Research conducted by security firm WhiteOps found that unwanted software such as ad injectors are a significant contributor to the $7.2 billion in ad fraud that occurs every year.

How can you spot unwanted software?

The following are telltale signs of unwanted software:

• “Express” setup options for software. When installing new software, be wary when you’re prompted to use “express” (or similarly worded) setup options. This could allow the program to install unwanted software. Instead, consider a “custom” setup so that you have control over what exactly is being installed.

• Pre-checked boxes. When installing one program (say, a PDF reader), you may notice a pre-checked box offering to install another program (like a search toolbar or antivirus) at the same time. Make sure you review these pre-checked options and uncheck those boxes before continuing setup if you don’t know what they are or they look suspicious.

• No “I decline” option. When installing a new program, you may be prompted to accept an end-user licensing agreement (EULA) as part of the installation. If there’s no “I decline” option with the EULA, or if you’re unable to uncheck the “I accept” box, it could be a red flag that your download is packaged with unwanted software.

• “Download managers.” Most reputable software publisher websites will let you download programs directly from the site. Watch out for websites that make you install a download manager in order to download the software you really want. It’s common for download managers to include additional unwanted software.

Tips on protecting yourself from unwanted software

• Get your software directly from the source. When you’re looking for a new program, look on the publisher’s website first. Software download repositories may bundle in unwanted software with legitimate downloads.

• Avoid clicking on pop-ups or banner ads that warn you of slow performance on your computer. This is often a ruse to lead you to websites that host unwanted software.

• Make sure everything is up-to-date. To best protect yourself, repeatedly update your browser and operating systems; older systems are more susceptible to being infected by malware. Be sure to check for computer and browser updates in computer settings. Ads claiming that your computer software is out-of-date are likely to lead you to more unwanted software.

• Routinely scan your computer. Use antivirus software to regularly scan your computer for programs that you don’t recognize.

• Pay attention when installing new software. When downloading programs and extensions, pay attention to the fine print. In particular, be on the lookout for pre-checked boxes that offer to install things like toolbars or other software in addition to the software you were looking for.

• Heed your browser’s warnings. Most major Web browsers now have functionality built-in that will warn you when you are about to enter an unsafe website. Chances are that if your browser is telling you to not visit a certain website or download a particular program, you’re better off steering clear.

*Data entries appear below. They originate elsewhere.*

(* Let $\mathcal{D}(\Lambda_{n,d})$ be the Drinfel'd double of $\Lambda_{n,d}$. As a coalgebra it is $\Lambda_{n,d}^{*cop}\otimes\Lambda_{n,d}$; writing its basis elements as $G^iX^j\gamma_\ell^m$ ($i,\ell\in\mathbb{Z}_n$, $0\leqslant j,m\leqslant d-1$, tensor sign omitted), its algebra structure is completely determined by the following relations: $G^n=1$, $X^d=0$, $GX=q^{-1}XG$; the product of elements $\gamma_\ell^m$ is the usual product of paths in $\Lambda_{n,d}$; $\gamma_\ell^mG=q^{-m}G\gamma_\ell^m$; and $$\gamma_\ell^mX=q^{-m}X\gamma_{\ell+1}^m-q^{-m}(m)_q\gamma_{\ell+1}^{m-1}+q^{\ell+1-m}(m)_qG\gamma_{\ell+1}^{m-1}.$$
   Context: $k$ is an algebraically closed field; $n,d$ are integers with $d\geqslant 2$, $d\mid n$, and $\mathrm{char}\,k\nmid n$; $q\in k$ is a fixed primitive $d$-th root of unity. $\Lambda_{n,d}$ is the path algebra over $k$ of the cyclic quiver with vertices $e_0,\dots,e_{n-1}$ (indices in $\mathbb{Z}_n$) and arrows $a_i:e_i\to e_{i+1}$, modulo the ideal generated by all paths of length $d$. Paths are written right to left; $\gamma_i^m=a_{i+m-1}\cdots a_{i+1}a_i$ is the path of length $m$ starting at $e_i$, with $\gamma_i^0=e_i$. $\Lambda_{n,d}$ is a Hopf algebra with $\varepsilon(e_i)=\delta_{i0}$, $\varepsilon(a_i)=0$, $\Delta(e_i)=\sum_{j+\ell=i}e_j\otimes e_\ell$, $\Delta(a_i)=\sum_{j+\ell=i}(e_j\otimes a_\ell+q^\ell a_j\otimes e_\ell)$, $S(e_i)=e_{-i}$, $S(a_i)=-q^{i+1}a_{-i-1}$. The Drinfel'd double of a finite-dimensional Hopf algebra $H$ is $H^{*cop}\otimes H$ as a coalgebra, with product $(\alpha\otimes h)(\beta\otimes g)=\alpha\,\beta(S^{-1}h^{(3)}\,?\,h^{(1)})\otimes h^{(2)}g$, where $\beta(S^{-1}h^{(3)}?h^{(1)})$ is $x\mapsto\beta(S^{-1}h^{(3)}xh^{(1)})$ (Sweedler notation). The algebra $\Lambda_{n,d}^{*cop}$ is identified with $\langle G,X\mid G^n=1,X^d=0,GX=q^{-1}XG\rangle$ via $\check e_i\mapsto G^i$, $\check a_i\mapsto G^iX$ (where $\check{}$ denotes the dual basis to the basis of paths), with $\Delta(G)=G\otimes G$, $\Delta(X)=X\otimes G+1\otimes X$. Also $(m)_q=1+q+\cdots+q^{m-1}$, $(0)_q=0$. *)

theory Defs
  imports "HOL-Computational_Algebra.Polynomial"
begin

text \<open>Basis paths gamma_i^m are indexed by pairs (i,m) in {0..<n} x {0..<d}.
  An element of Lambda is a coefficient function on pairs; an element of the dual
  is given by its values on the basis paths (= coefficients in the dual basis);
  an element of the double H^{*cop} (x) H is a coefficient function on pairs of pairs
  (coefficient of dual-basis-element (x) path).\<close>

type_synonym 'a vec = "nat \<times> nat \<Rightarrow> 'a"
type_synonym 'a ten = "(nat \<times> nat) \<times> (nat \<times> nat) \<Rightarrow> 'a"

definition Bidx :: "nat \<Rightarrow> nat \<Rightarrow> (nat \<times> nat) set" where
  "Bidx n d = {0..<n} \<times> {0..<d}"

definition bv :: "nat \<times> nat \<Rightarrow> 'a::zero_neq_one vec" where
  "bv b = (\<lambda>c. if c = b then 1 else 0)"

definition Vspace :: "nat \<Rightarrow> nat \<Rightarrow> 'a::zero vec set" where
  "Vspace n d = {x. \<forall>c. c \<notin> Bidx n d \<longrightarrow> x c = 0}"

definition Dspace :: "nat \<Rightarrow> nat \<Rightarrow> 'a::zero ten set" where
  "Dspace n d = {P. \<forall>c. c \<notin> Bidx n d \<times> Bidx n d \<longrightarrow> P c = 0}"

text \<open>Product of basis paths (right to left): gamma_i^s * gamma_j^t.\<close>
definition pathmul :: "nat \<Rightarrow> nat \<Rightarrow> nat \<times> nat \<Rightarrow> nat \<times> nat \<Rightarrow> 'a::field vec" where
  "pathmul n d a b = (if fst a = (fst b + snd b) mod n \<and> snd a + snd b < d
      then bv (fst b, snd a + snd b) else (\<lambda>_. 0))"

definition mulL :: "nat \<Rightarrow> nat \<Rightarrow> 'a::field vec \<Rightarrow> 'a vec \<Rightarrow> 'a vec" where
  "mulL n d x y = (\<lambda>c. \<Sum>a\<in>Bidx n d. \<Sum>b\<in>Bidx n d. x a * y b * pathmul n d a b c)"

definition oneL :: "nat \<Rightarrow> 'a::field vec" where
  "oneL n = (\<lambda>c. \<Sum>i<n. bv (i, 0) c)"

definition tens :: "'a::field vec \<Rightarrow> 'a vec \<Rightarrow> 'a ten" where
  "tens x y = (\<lambda>c. x (fst c) * y (snd c))"

definition mulT :: "nat \<Rightarrow> nat \<Rightarrow> 'a::field ten \<Rightarrow> 'a ten \<Rightarrow> 'a ten" where
  "mulT n d X Y = (\<lambda>c. \<Sum>p\<in>Bidx n d \<times> Bidx n d. \<Sum>r\<in>Bidx n d \<times> Bidx n d.
      X p * Y r * pathmul n d (fst p) (fst r) (fst c) * pathmul n d (snd p) (snd r) (snd c))"

definition coE :: "nat \<Rightarrow> nat \<Rightarrow> nat \<Rightarrow> 'a::field ten" where
  "coE n d i = (\<lambda>c. \<Sum>j<n. tens (bv (j, 0)) (bv ((i + n - j) mod n, 0)) c)"

definition coA :: "nat \<Rightarrow> nat \<Rightarrow> 'a::field \<Rightarrow> nat \<Rightarrow> 'a ten" where
  "coA n d q i = (\<lambda>c. \<Sum>j<n. tens (bv (j, 0)) (bv ((i + n - j) mod n, 1)) c
       + q ^ ((i + n - j) mod n) * tens (bv (j, 1)) (bv ((i + n - j) mod n, 0)) c)"

text \<open>Comultiplication on paths, as the algebra map determined by the generators:
  Delta(gamma_i^{m+1}) = Delta(a_{i+m}) Delta(gamma_i^m).\<close>
fun coPath :: "nat \<Rightarrow> nat \<Rightarrow> 'a::field \<Rightarrow> nat \<Rightarrow> nat \<Rightarrow> 'a ten" where
  "coPath n d q i 0 = coE n d i"
| "coPath n d q i (Suc m) = mulT n d (coA n d q ((i + m) mod n)) (coPath n d q i m)"

text \<open>Coefficient of h1 (x) h2 (x) h3 in (Delta (x) id) Delta (gamma_h).\<close>
definition co3 :: "nat \<Rightarrow> nat \<Rightarrow> 'a::field \<Rightarrow> nat \<times> nat \<Rightarrow> nat \<times> nat \<Rightarrow> nat \<times> nat \<Rightarrow> nat \<times> nat \<Rightarrow> 'a" where
  "co3 n d q h h1 h2 h3 = (\<Sum>c\<in>Bidx n d. coPath n d q (fst h) (snd h) (c, h3) * coPath n d q (fst c) (snd c) (h1, h2))"

definition negm :: "nat \<Rightarrow> nat \<Rightarrow> nat" where
  "negm n i = (n - i mod n) mod n"

text \<open>Antipode on paths, as the anti-algebra map determined by
  S(e_i) = e_{-i}, S(a_i) = - q^{i+1} a_{-i-1}.\<close>
fun Spath :: "nat \<Rightarrow> nat \<Rightarrow> 'a::field \<Rightarrow> nat \<Rightarrow> nat \<Rightarrow> 'a vec" where
  "Spath n d q i 0 = bv (negm n i, 0)"
| "Spath n d q i (Suc m) = mulL n d (Spath n d q i m)
      (\<lambda>c. - (q ^ Suc ((i + m) mod n)) * bv (negm n (Suc ((i + m) mod n)), 1) c)"

definition Slin :: "nat \<Rightarrow> nat \<Rightarrow> 'a::field \<Rightarrow> 'a vec \<Rightarrow> 'a vec" where
  "Slin n d q x = (\<lambda>c. \<Sum>b\<in>Bidx n d. x b * Spath n d q (fst b) (snd b) c)"

definition Sinv :: "nat \<Rightarrow> nat \<Rightarrow> 'a::field \<Rightarrow> 'a vec \<Rightarrow> 'a vec" where
  "Sinv n d q x = (THE y. y \<in> Vspace n d \<and> Slin n d q y = x)"

text \<open>Product in H^{*} (dual to Delta): (f g)(x) = f(x1) g(x2).\<close>
definition conv :: "nat \<Rightarrow> nat \<Rightarrow> 'a::field \<Rightarrow> 'a vec \<Rightarrow> 'a vec \<Rightarrow> 'a vec" where
  "conv n d q f g = (\<lambda>x. if x \<in> Bidx n d then
      (\<Sum>p\<in>Bidx n d \<times> Bidx n d. coPath n d q (fst x) (snd x) p * f (fst p) * g (snd p)) else 0)"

Here are a few examples of warnings from the most popular browsers:

Google

Firefox

Safari

 

What to do if you suspect you’ve already installed unwanted software

Despite our best efforts, it’s still possible to inadvertently install unwanted software. Once it happens, there are several steps you can take:

• Ensure that the latest versions of your browser and operating system are installed. The best way to defend yourself against unwanted software is to ensure that your Internet browser (Safari, Firefox, Chrome, Edge, etc.) and operating system (Windows, OSX, Linux, etc.) are up-to-date.

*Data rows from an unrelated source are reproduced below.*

lemma transport_cost_add_point_mass:
  fixes d :: "'v::finite \<Rightarrow> 'v \<Rightarrow> real"
  shows "transport_cost d (\<lambda>z. \<pi> z + (if z = (a, b) then c else 0)) = transport_cost d \<pi> + c * d a b"
proof -
  have "d (fst z) (snd z) * (if z = (a, b) then c else 0) = (if z = (a, b) then c * d a b else 0)" for z
    by auto
  then show ?thesis by (simp add: transport_cost_def distrib_left sum.distrib)
qed

lemma diagonal_coupling:
  fixes \<mu> :: "'v::finite \<Rightarrow> real"
  assumes "\<forall>x. 0 \<le> \<mu> x"
  shows "(\<lambda>(x, y). if x = y then \<mu> x else 0) \<in> couplings \<mu> \<mu>"
  using assms by (auto simp: couplings_def)

lemma transport_cost_diagonal:
  fixes d :: "'v::finite \<Rightarrow> 'v \<Rightarrow> real"
  assumes "\<And>x. d x x = 0"
  shows "transport_cost d (\<lambda>(x, y). if x = y then \<mu> x else 0) = 0"
proof -
  have "d x y * (if x = y then \<mu> x else 0) = 0" for x y
    using assms by simp
  then show ?thesis unfolding transport_cost_iterated by (intro sum.neutral ballI) simp
qed

text \<open>The plans a into y and b out of y, each carrying the mass e, are replaced by their
  product, which is no more expensive by the triangle inequality.\<close>
lemma coupling_reroute_through:
  fixes d :: "'v::finite \<Rightarrow> 'v \<Rightarrow> real"
  assumes tri: "\<And>x y z. d x z \<le> d x y + d y z"
    and \<mu>0: "\<forall>x. 0 \<le> \<mu> x" and \<nu>0: "\<forall>x. 0 \<le> \<nu> x" and e: "0 < e"
    and \<pi>: "\<pi> \<in> couplings (\<lambda>x. \<mu> x + (if x = y then e else 0)) (\<lambda>x. \<nu> x + (if x = y then e else 0))"
    and \<pi>yy: "\<pi> (y, y) = 0"
  shows "\<exists>\<pi>'\<in>couplings \<mu> \<nu>. transport_cost d \<pi>' \<le> transport_cost d \<pi>"
proof -
  note \<pi>0 = couplingsD(1)[OF \<pi>] and row = couplingsD(2)[OF \<pi>] and col = couplingsD(3)[OF \<pi>]
  have pos: "0 < \<nu> y + e" "0 < \<mu> y + e" using \<mu>0 \<nu>0 e by (auto intro: add_nonneg_pos)
  define a where "a x = \<pi> (x, y) / (\<nu> y + e)" for x
  define b where "b z = \<pi> (y, z) / (\<mu> y + e)" for z
  have a: "a \<in> prob_vecs" and b: "b \<in> prob_vecs"
    using \<pi>0 pos col[of y] row[of y] by (simp_all add: prob_vecs_def a_def b_def flip: sum_divide_distrib)
  have sa: "(\<Sum>x\<in>UNIV. a x) = 1" and sb: "(\<Sum>z\<in>UNIV. b z) = 1"
    using a b by (simp_all add: prob_vecs_def)
  define \<pi>' where "\<pi>' = (\<lambda>(x, z). \<pi> (x, z) + e * (a x * b z)
      - (if z = y then e * a x else 0) - (if x = y then e * b z else 0))"
  have "0 \<le> \<pi>' (x, z)" for x z
  proof -
    have "e * a x \<le> \<pi> (x, y)" "e * b z \<le> \<pi> (y, z)"
      using pos e \<pi>0 \<mu>0 \<nu>0 by (auto simp: a_def b_def field_simps)
    moreover have "0 \<le> e * (a x * b z)" using a b e by (simp add: prob_vecs_def)
    ultimately show ?thesis
      using \<pi>yy \<pi>0[of "(x, z)"] by (auto simp: \<pi>'_def a_def b_def)
  qed
  moreover have "(\<Sum>z\<in>UNIV. \<pi>' (x, z)) = \<mu> x" for x
    using row[of x] sb by (simp add: \<pi>'_def sum.distrib sum_subtractf flip: sum_distrib_left)
  moreover have "(\<Sum>x\<in>UNIV. \<pi>' (x, z)) = \<nu> z" for z
    using col[of z] sa by (simp add: \<pi>'_def sum.distrib sum_subtractf flip: sum_distrib_left sum_distrib_right)
  ultimately have "\<pi>' \<in> couplings \<mu> \<nu>" by (auto simp: couplings_def)
  moreover have cost: "transport_cost d \<pi>' = transport_cost d \<pi> + e * (\<Sum>x\<in>UNIV. \<Sum>z\<in>UNIV. d x z * (a x * b z))
      - e * (\<Sum>x\<in>UNIV. d x y * a x) - e * (\<Sum>z\<in>UNIV. d y z * b z)"
  proof -
    have "d x z * \<pi>' (x, z) = d x z * \<pi> (x, z) + e * (d x z * (a x * b z))
        - (if z = y then e * (d x y * a x) else 0) - (if x = y then e * (d y z * b z) else 0)" for x z
      by (simp add: \<pi>'_def algebra_simps)
    moreover have "(\<Sum>x\<in>UNIV. \<Sum>z\<in>UNIV. if x = y then F z else 0) = (\<Sum>z\<in>UNIV. F z)" for F :: "'v \<Rightarrow> real"
      by (subst sum.swap) simp
    ultimately show ?thesis
      by (simp add: transport_cost_iterated sum.distrib sum_subtractf sum_distrib_left)
  qed
  have "e * (\<Sum>x\<in>UNIV. \<Sum>z\<in>UNIV. d x z * (a x * b z)) \<le> e * ((\<Sum>x\<in>UNIV. d x y * a x) + (\<Sum>z\<in>UNIV. d y z * b z))"
    using product_plan_cost_le_through[where d = d and y = y, OF tri a b] e by (intro mult_left_mono) simp_all
  then have "transport_cost d \<pi>' \<le> transport_cost d \<pi>"
    unfolding cost distrib_left by linarith
  ultimately show ?thesis by blast
qed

• Run a security scan using a reputable antivirus removal tool. While this software isn’t perfect, an antivirus tool can help detect and remove unwanted software. If you suspect you have unwanted software on your computer, make sure your antivirus tool is up-to-date and then run a full scan. The antivirus may help to detect and remove such software.

• Check your browser extensions. Unwanted software may be installed as an extension on your browser. You can review extensions and disable suspicious-looking ones by checking your browser’s settings page. Click here for instructions on how to do so for several popular browsers.

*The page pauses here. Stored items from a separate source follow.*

text \<open>Let f map each element a of X to the set of the exact cover of S_q containing it. Take all
  edges u_j u_j', the edges w_j w_j' of the sets not in the cover, the cross edges u_{f(a) a} v_a and
  the edge p p_q: that is |C| + (|C| - n/3) + n + 1 = \<ell> disjoint edges. Rank the saturated
  vertices by 0 for p and u_j, 2 for v_a and w_j', and 1 otherwise. Adjacent saturated vertices
  have different ranks (p_q sees no interface vertex of a cover set, as these sets lie in S_q), and
  each saturated vertex has at most one lower-ranked saturated neighbour, so a vertex of maximal
  rank on a cycle cannot exist.\<close>

lemma cyclic_neighbour_indices:
  fixes i n :: nat
  assumes "3 \<le> n" "i < n"
  shows "(i + 1) mod n \<noteq> i" "(i + n - 1) mod n \<noteq> i" "(i + 1) mod n \<noteq> (i + n - 1) mod n"
    and "((i + n - 1) mod n + 1) mod n = i"
proof -
  have pred: "(i + n - 1) mod n = (if i = 0 then n - 1 else i - 1)"
    using assms by (auto simp: le_mod_geq)
  have succ: "(i + 1) mod n = (if i + 1 = n then 0 else i + 1)"
    using assms by auto
  show "(i + 1) mod n \<noteq> i" "(i + n - 1) mod n \<noteq> i" "(i + 1) mod n \<noteq> (i + n - 1) mod n"
    "((i + n - 1) mod n + 1) mod n = i"
    unfolding pred succ using assms by auto
qed

lemma induced_cycle_two_neighbours:
  assumes cycle: "induced_cycle E V vs" and x: "x \<in> set vs"
  obtains y z where "y \<in> set vs" "z \<in> set vs" "y \<noteq> z" "y \<noteq> x" "z \<noteq> x"
    "{x, y} \<in> E" "{x, z} \<in> E"
proof -
  let ?n = "length vs"
  have n: "3 \<le> ?n" and dist: "distinct vs"
    and edge: "\<And>i. i < ?n \<Longrightarrow> {vs ! i, vs ! ((i + 1) mod ?n)} \<in> E"
    using cycle unfolding induced_cycle_def by auto
  obtain i where i: "i < ?n" "vs ! i = x" using x by (auto simp: in_set_conv_nth)
  define j k where "j = (i + 1) mod ?n" and "k = (i + ?n - 1) mod ?n"
  have jk: "j < ?n" "k < ?n" using n by (auto simp: j_def k_def intro!: mod_less_divisor)
  note idx = cyclic_neighbour_indices[OF n i(1), folded j_def k_def]
  show thesis
  proof
    show "vs ! j \<in> set vs" "vs ! k \<in> set vs" using jk by auto
    show "vs ! j \<noteq> vs ! k" "vs ! j \<noteq> x" "vs ! k \<noteq> x"
      using idx jk i dist by (auto simp: nth_eq_iff_index_eq)
    show "{x, vs ! j} \<in> E" using edge[OF i(1)] i(2) j_def by simp
    show "{x, vs ! k} \<in> E" using edge[OF jk(2)] idx(4) i(2) by (simp add: insert_commute)
  qed
qed

lemma induced_forest_by_rank:
  fixes rank :: "'v \<Rightarrow> nat" and parent :: "'v \<Rightarrow> 'v"
  assumes rank_neq: "\<And>x y. x \<in> V \<Longrightarrow> y \<in> V \<Longrightarrow> x \<noteq> y \<Longrightarrow> {x, y} \<in> E \<Longrightarrow> rank x \<noteq> rank y"
    and lower_parent: "\<And>x y. x \<in> V \<Longrightarrow> y \<in> V \<Longrightarrow> {x, y} \<in> E \<Longrightarrow> rank y < rank x \<Longrightarrow> y = parent x"
  shows "induced_forest E V"
  unfolding induced_forest_def
proof
  assume "\<exists>vs. induced_cycle E V vs"
  then obtain vs where cycle: "induced_cycle E V vs" ..
  then have sub: "set vs \<subseteq> V" and ne: "set vs \<noteq> {}"
    unfolding induced_cycle_def by auto
  have "Max (rank ` set vs) \<in> rank ` set vs" using ne by simp
  then obtain x where x: "x \<in> set vs" and x_max: "rank x = Max (rank ` set vs)" by auto
  have max: "\<And>y. y \<in> set vs \<Longrightarrow> rank y \<le> rank x" unfolding x_max by simp
  obtain y z where yz: "y \<in> set vs" "z \<in> set vs" "y \<noteq> z" "y \<noteq> x" "z \<noteq> x"
    and edges: "{x, y} \<in> E" "{x, z} \<in> E"
    using induced_cycle_two_neighbours[OF cycle x] by blast
  have in_V: "x \<in> V" "y \<in> V" "z \<in> V" using x yz sub by auto
  have "rank y < rank x" "rank z < rank x"
    using rank_neq[OF in_V(1,2)] rank_neq[OF in_V(1,3)] max[OF yz(1)] max[OF yz(2)] yz edges
    by (auto intro!: le_neq_implies_less)
  then have "y = parent x" "z = parent x"
    using lower_parent in_V edges by auto
  with \<open>y \<noteq> z\<close> show False by simp
qed

lemma x3c_yes_cover_function:
  assumes "x3c_yes X S" and "\<And>s. s \<in> S \<Longrightarrow> s \<subseteq> X"
  obtains f where "\<And>a. a \<in> X \<Longrightarrow> f a \<in> S" "\<And>a. a \<in> X \<Longrightarrow> a \<in> f a"
    "\<And>a b. a \<in> X \<Longrightarrow> b \<in> f a \<Longrightarrow> f b = f a"
proof -
  obtain T where "T \<subseteq> S" and unique: "\<forall>a\<in>X. \<exists>!s. s \<in> T \<and> a \<in> s"
    using assms(1) unfolding x3c_yes_def by blast
  define f where "f a = (THE s. s \<in> T \<and> a \<in> s)" for a
  have f: "f a \<in> T \<and> a \<in> f a" if "a \<in> X" for a
  proof -
    have "\<exists>!s. s \<in> T \<and> a \<in> s" using unique that by blast
    then show ?thesis unfolding f_def by (rule theI')
  qed
  show thesis
  proof
    show "f a \<in> S" "a \<in> f a" if "a \<in> X" for a using f[OF that] \<open>T \<subseteq> S\<close> by auto
    show "f b = f a" if "a \<in> X" "b \<in> f a" for a b
    proof -
      have "b \<in> X" using f[OF that(1)] that(2) \<open>T \<subseteq> S\<close> assms(2) by blast
      then have "\<exists>!s. s \<in> T \<and> b \<in> s" using unique by blast
      then show ?thesis using f[OF that(1)] f[OF \<open>b \<in> X\<close>] that(2) by blast
    qed
  qed
qed

lemma card_eq_mult_card_blocks:
  assumes "finite X"
    and blocks: "\<And>a. a \<in> X \<Longrightarrow> a \<in> f a \<and> f a \<subseteq> X \<and> card (f a) = k"
    and same_block: "\<And>a b. a \<in> X \<Longrightarrow> b \<in> f a \<Longrightarrow> f b = f a"
  shows "card X = k * card (f ` X)"
proof -
  have "\<Union>(f ` X) = X" using blocks by blast
  moreover have "k * card (f ` X) = card (\<Union>(f ` X))"
  proof (rule card_partition)
    show "finite (\<Union>(f ` X))" using \<open>finite X\<close> blocks by (blast intro: finite_subset)
    show "c1 \<inter> c2 = {}" if "c1 \<in> f ` X" "c2 \<in> f ` X" "c1 \<noteq> c2" for c1 c2
      using that same_block by (metis (no_types, lifting) disjoint_iff imageE)
  qed (use \<open>finite X\<close> blocks in auto)
  ultimately show ?thesis by simp
qed

fun red_arc :: "nat set set \<Rightarrow> nat \<Rightarrow> (nat \<Rightarrow> nat set set) \<Rightarrow> vtx \<Rightarrow> vtx \<Rightarrow> bool" where
  "red_arc C t S (U s) (UI s' a) = (s' = s \<and> s \<in> C \<and> a \<in> s)"
| "red_arc C t S (W s) (UI s' a) = (s' = s \<and> s \<in> C \<and> a \<in> s)"
| "red_arc C t S (U s) (W s') = (s' = s \<and> s \<in> C)"
| "red_arc C t S (U s) (U' s') = (s' = s \<and> s \<in> C)"
| "red_arc C t S (W s) (W' s') = (s' = s \<and> s \<in> C)"
| "red_arc C t S (UI s a) (VX b) = (b = a \<and> s \<in> C \<and> a \<in> s)"
| "red_arc C t S Pv (PI i) = (i \<in> {1..t})"
| "red_arc C t S (PI i) (UI s a) = (i \<in> {1..t} \<and> s \<in> C \<and> s \<notin> S i \<and> a \<in> s)"
| "red_arc C t S _ _ = False"

lemma red_edges_arc:
  assumes "{x, y} \<in> red_edges t S"
  shows "red_arc (coll_union t S) t S x y \<or> red_arc (coll_union t S) t S y x"
  using assms unfolding red_edges_def Let_def by (auto simp: doubleton_eq_iff)

fun red_rank :: "vtx \<Rightarrow> nat" where
  "red_rank (VX _) = 2" | "red_rank (UI _ _) = 1" | "red_rank (U _) = 0" | "red_rank (W _) = 1"
| "red_rank (U' _) = 1" | "red_rank (W' _) = 2" | "red_rank Pv = 0" | "red_rank (PI _) = 1"

fun red_parent :: "(nat \<Rightarrow> nat set) \<Rightarrow> vtx \<Rightarrow> vtx" where
  "red_parent f (VX a) = UI (f a) a"
| "red_parent f (UI s _) = U s"
| "red_parent f (W s) = U s"
| "red_parent f (U' s) = U s"
| "red_parent f (W' s) = W s"
| "red_parent f (PI _) = Pv"
| "red_parent f v = v"

definition red_matching :: "nat set set \<Rightarrow> (nat \<Rightarrow> nat set) \<Rightarrow> nat set \<Rightarrow> nat \<Rightarrow> vtx set set" where
  "red_matching C f X q =
     (\<lambda>s. {U s, U' s}) ` C \<union> (\<lambda>s. {W s, W' s}) ` (C - f ` X)
   \<union> (\<lambda>a. {UI (f a) a, VX a}) ` X \<union> {{Pv, PI q}}"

• If all else fails, format and reinstall. In extreme cases, unwanted software may be so persistent that it disables operating systems or browser updates and resists antivirus removal. If it comes to that, it may become necessary to format your hard drive and reinstall your operating system and Internet browser. Before you do this however, be sure to create backups of important files (like photos, videos, and documents). WARNING: This may be a time-consuming process and beyond the skill of some users. If you don’t feel comfortable doing so, you may need to look for outside help from your local electronics store or computer manufacturer.

Find Fraud Alerts related to this scam here.

Trying out online dating for the first time or a seasoned dater? Maybe you are one of the hordes of people who look to online dating sites this time of year, when sites typically see a surge in sign-ups before Valentine’s Day. Online dating can be fun and convenient, but falling for an romance scam can be costly. Falling in love with a con artist has consistently been ranked as one of, if not, the most expensive scams for the victims who have shared their stories with Fraud.org.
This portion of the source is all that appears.